L’enquête relève quatre usages majeurs, retrouvés chez plus de la moitié des utilisateurs du glyphosate lutte contre les vivaces ; destruction de repousses ou d’annuelles en interculture courte d’été ; destruction de repousses ou d’annuelles en interculture longue ; entretien des bords de ferme.
Il apparaît que les répondants en système labouré sont plutôt des utilisateurs ponctuels de glyphosate (1 année sur 3), sur des surfaces limitées (moins de la moitié de l’exploitation), à des doses assez importantes. À l’inverse, les répondants en non-labour sont des utilisateurs plus fréquents de glyphosate (tous les ans), sur des surfaces importantes (toute la SAU traitée) mais à doses faibles.
«Ces usages, surtout d’interculture, sont pleinement justifiés car efficaces et peu chers», précise l’étude. Ce qui fait dire aux quatre instituts que «l’élément important à retenir est que l’usage de glyphosate n’est pas irraisonné il est utilisé dans des situations le requérant».
Interrogés sur d’éventuelles solutions, les utilisateurs de glyphosate déclarent à 90% vouloir intensifier les déchaumages et passages mécaniques avant le semis, à 84% les faux semis, à 75% les interventions mécaniques dans les intercultures et les cultures, à 55% le labour.
Travail du sol intensif
Ce recours au travail du sol implique de se rééquiper pour 67% d’entre eux, avec «d’importantes conséquences économiques (investissements), agronomiques (érosion, matière organique…), environnementales (consommation de carburant, bilan carbone…), organisationnelle (capacité à travailler toute la surface, main-d’œuvre, jours disponibles)», soulignent les instituts.
D’autres inquiétudes sur la fin du glyphosate portent sur «de probables recrudescences de vivaces et d’adventices annuelles», voire des risques sanitaires accrus (ergot, adventices allergisantes ou toxiques). «La viabilité d’exploitations ou de systèmes» est même remise en cause, à l’instar de l’agriculture de conservation des sols.
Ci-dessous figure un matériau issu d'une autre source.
lemma has_real_derivative_ln_sqrt_scaled_sq:
  fixes m m' :: "real \<Rightarrow> real"
  assumes even: "\<And>y. m (- y) = m y"
    and pos: "\<And>t. R < \<bar>t\<bar> \<Longrightarrow> 0 < m t" and "0 \<le> R" "R < \<bar>y\<bar>"
    and der: "(m has_real_derivative m' y) (at y)"
  shows "((\<lambda>t. ln (sqrt_scaled m (t\<^sup>2))) has_real_derivative 1 / y + m' y / m y) (at y)"
proof (rule has_field_derivative_transform_within_open)
  have "0 < y * y"
    using assms by (cases "y > 0") (auto simp: zero_less_mult_iff)
  then have "((\<lambda>t. ln (t\<^sup>2) / 2) has_real_derivative 1 / y) (at y)"
    by (auto intro!: derivative_eq_intros simp: power2_eq_square)
  from DERIV_add[OF this DERIV_chain2[OF DERIV_ln_divide[OF pos] der]]
  show "((\<lambda>t. ln (t\<^sup>2) / 2 + ln (m t)) has_real_derivative 1 / y + m' y / m y) (at y)"
    using assms by simp
  show "open {t. R < \<bar>t\<bar>}" "y \<in> {t. R < \<bar>t\<bar>}"
    using assms by (auto intro!: open_Collect_less continuous_intros)
  show "ln (t\<^sup>2) / 2 + ln (m t) = ln (sqrt_scaled m (t\<^sup>2))" if "t \<in> {t. R < \<bar>t\<bar>}" for t
  proof -
    have "0 < \<bar>t\<bar>" "0 < m t"
      using that assms pos[of t] by auto
    moreover have "ln (t\<^sup>2) = 2 * ln \<bar>t\<bar>"
      using \<open>0 < \<bar>t\<bar>\<close> ln_realpow[of "\<bar>t\<bar>" 2] by simp
    ultimately show ?thesis
      by (simp add: sqrt_scaled_sq[of m, OF even] ln_mult)
  qed
qed
lemma finite_span_UNIV_if_compact_unit_ball:
  assumes "compact (cball (0::'a::real_normed_vector) 1)"
  obtains B where "finite B" "span B = (UNIV :: 'a set)"
proof -
  obtain B :: "'a set" where B: "finite B" "cball 0 1 \<subseteq> (\<Union>b\<in>B. ball b (1/2))"
    using compactE_image[OF assms, of "cball 0 1" "\<lambda>b. ball b (1/2)"]
    by (metis (no_types, lifting) UN_I centre_in_ball open_ball subsetI zero_less_divide_iff
        zero_less_numeral zero_less_one)
  have unit_ball: "x \<in> span B" if x: "norm x \<le> 1" for x
  proof -
    have "x \<in> closure (span B)"
      unfolding closure_approachable
    proof (intro allI impI)
      fix d :: real assume "d > 0"
      then obtain n where "(1/2)^n < d" using real_arch_pow_inv[of d "1/2"] by auto
      moreover obtain v where "v \<in> span B" "norm (x - v) \<le> (1/2)^n"
        using half_net_approximates_unit_ball[OF B(2) x] by blast
      ultimately show "\<exists>v\<in>span B. dist v x < d"
        by (metis dist_commute dist_norm order_le_less_trans)
    qed
    then show ?thesis using closed_span_finite[OF B(1)] by simp
  qed
  have "z \<in> span B" for z
  proof -
    define c where "c = norm z + 1"
    have "c > 0" using norm_ge_zero[of z] unfolding c_def by linarith
    have "norm ((1 / c) *\<^sub>R z) \<le> 1"
      using \<open>c > 0\<close> by (simp add: c_def divide_le_eq_1)
    then have "c *\<^sub>R ((1 / c) *\<^sub>R z) \<in> span B"
      by (intro span_scale unit_ball)
    then show ?thesis using \<open>c > 0\<close> by simp
  qed
  then show ?thesis using that B(1) by blast
qed

lemma compact_unit_ball_if_compact_cball:
  fixes y :: "'a::real_normed_vector"
  assumes "compact (cball y e)" and "e > 0"
  shows "compact (cball (0::'a) 1)"
proof -
  have "cball (0::'a) 1 = (\<lambda>v. (1/e) *\<^sub>R v) ` ((\<lambda>v. v - y) ` cball y e)"
    using assms(2) by (simp add: cball_translation_subtract[symmetric] cball_scale)
  then show ?thesis
    using assms(1) by (simp add: compact_scaling compact_translation_subtract)
qed

lemma infinite_dim_c_not_compact_cball:
  fixes cs :: "complex \<Rightarrow> 'a::banach \<Rightarrow> 'a" and y :: 'a
  assumes cs: "complex_scalar cs" and "infinite_dim_c cs" and "e > 0"
  shows "\<not> compact (cball y e)"
proof
  assume "compact (cball y e)"
  then obtain B :: "'a set" where B: "finite B" "span B = UNIV"
    using finite_span_UNIV_if_compact_unit_ball compact_unit_ball_if_compact_cball \<open>e > 0\<close>
    by metis
  have "\<exists>c. v = (\<Sum>b\<in>B. cs (c b) b)" for v
  proof -
    obtain u where "v = (\<Sum>b\<in>B. u b *\<^sub>R b)" using B span_finite[OF B(1)] by blast
    then have "v = (\<Sum>b\<in>B. cs (complex_of_real (u b)) b)"
      using cs unfolding complex_scalar_def by simp
    then show ?thesis by (rule exI[where x = "\<lambda>b. complex_of_real (u b)"])
  qed
  then show False using assms(2) B(1) unfolding infinite_dim_c_def by blast
qed

definition scalar_cone :: "(complex \<Rightarrow> 'a \<Rightarrow> 'a) \<Rightarrow> (complex \<Rightarrow> 'a) \<Rightarrow> complex set \<Rightarrow> 'a set" where
  "scalar_cone cs f K = {cs \<alpha> (f z) | \<alpha> z. z \<in> K}"

lemma scalar_cone_Un: "scalar_cone cs f (K \<union> L) = scalar_cone cs f K \<union> scalar_cone cs f L"
  unfolding scalar_cone_def by blast

lemma supercyclic_vec_iff_scalar_cone:
  "supercyclic_vec cs S x \<longleftrightarrow> closure (scalar_cone cs (\<lambda>z. S z x) UNIV) = UNIV"
  unfolding supercyclic_vec_def scalar_cone_def by simp

text \<open>Over a compact set where \<open>norm \<circ> f \<ge> m > 0\<close>, a point of norm \<open>< R\<close> in the cone needs a
  scalar of modulus \<open>\<le> R / m\<close>.\<close>

lemma scalar_cone_bounded_part_compact:
  fixes cs :: "complex \<Rightarrow> 'a::banach \<Rightarrow> 'a"
  assumes cs: "complex_scalar cs" and "compact K" and f: "continuous_on K f"
    and nonzero: "\<And>z. z \<in> K \<Longrightarrow> f z \<noteq> 0"
  obtains T where "compact T" "scalar_cone cs f K \<inter> ball 0 R \<subseteq> T"
proof (cases "K = {}")
  case True
  then show ?thesis using that[of "{}"] by (simp add: scalar_cone_def)
next
  case False
  interpret cs: bounded_bilinear cs by (rule complex_scalar_bounded_bilinear[OF cs])
  obtain z1 where "z1 \<in> K" and z1: "\<And>z. z \<in> K \<Longrightarrow> norm (f z1) \<le> norm (f z)"
    using continuous_attains_inf[OF \<open>compact K\<close> False continuous_on_norm[OF f]] by blast
  define m where "m = norm (f z1)"
  have "m > 0" using nonzero[OF \<open>z1 \<in> K\<close>] by (simp add: m_def)
  define T where "T = (\<lambda>p. cs (fst p) (f (snd p))) ` (cball 0 (R / m) \<times> K)"
  have "continuous_on (cball 0 (R / m) \<times> K) (\<lambda>p. cs (fst p) (f (snd p)))"
    by (intro cs.continuous_on continuous_on_fst continuous_on_id
        continuous_on_compose2[OF f continuous_on_snd]) auto
  then have "compact T"
    unfolding T_def using \<open>compact K\<close> by (intro compact_continuous_image compact_Times) auto
  moreover have "scalar_cone cs f K \<inter> ball 0 R \<subseteq> T"
  proof
    fix d assume "d \<in> scalar_cone cs f K \<inter> ball 0 R"
    then obtain \<alpha> z where d: "d = cs \<alpha> (f z)" "z \<in> K" "norm d < R"
      unfolding scalar_cone_def by auto
    have "cmod \<alpha> * m \<le> cmod \<alpha> * norm (f z)"
      using z1[OF d(2)] by (simp add: m_def mult_left_mono)
    also have "\<dots> = norm d" using d(1) complex_scalar_norm[OF cs] by simp
    finally have "cmod \<alpha> \<le> R / m" using d(3) \<open>m > 0\<close> by (simp add: pos_le_divide_eq)
    then show "d \<in> T" unfolding T_def using d by (auto intro!: image_eqI[where x = "(\<alpha>, z)"])
  qed
  ultimately show ?thesis by (rule that)
qed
En répondant à cette enquête, les agriculteurs ont exprimé leurs nombreuses inquiétudes sur l’après glyphosate. Par ailleurs, ils pointent, les «incohérences» liées au retrait du produit, dans leurs commentaires libres. Notamment, le retour à un travail du sol intensif va à l’opposé des objectifs nationaux de réduction du CO2 et des exigences de gestion des couverts obligatoires dans le cadre de la directive Nitrates.
Qui sont les utilisateurs de glyphosate ?Les agriculteurs en système de labour sont plutôt des utilisateurs ponctuels de glyphosate (une année sur trois), sur des surfaces limitées (moins de la moitié de l’exploitation), à des doses assez importantes (environ 3 l/ha, variables selon les usages jusqu’à 5 l/ha sur les vivaces).
À l’inverse, les agriculteurs en système de non-labour sont des utilisateurs plus fréquents de glyphosate (tous les ans), sur des surfaces importantes (toute la SAU traitée) mais à doses faibles (environ 1 l/ha, voire moins en interculture d’été). Les quatre instituts techniques réalisateurs de l’enquête (Arvalis, Fnams, ITB, Terres Inovia) rappellent que les doses homologuées, pour une spécialité à 360 g/l de glyphosate, varient de 3 à 7 l/ha en fonction de la cible visée. |
Utilisation du glyphosate en fonction des usages autorisés
Six usages du glyphosate ressortent comme prépondérants (au-delà de 30% d’utilisateurs), et quatre comme majeurs (au-delà de 50%). Ces quatre derniers sont la lutte contre les vivaces, la destruction de repousses ou annuelles en interculture courte d’été, la destruction de repousses ou annuelles en interculture longue, l’entretien des bords de ferme. En regroupant les quatre principaux usages, nous arrivons à un taux de réponse de 77,9%, très largement en tête des usages, avec l’usage “vivaces” à 73,2%.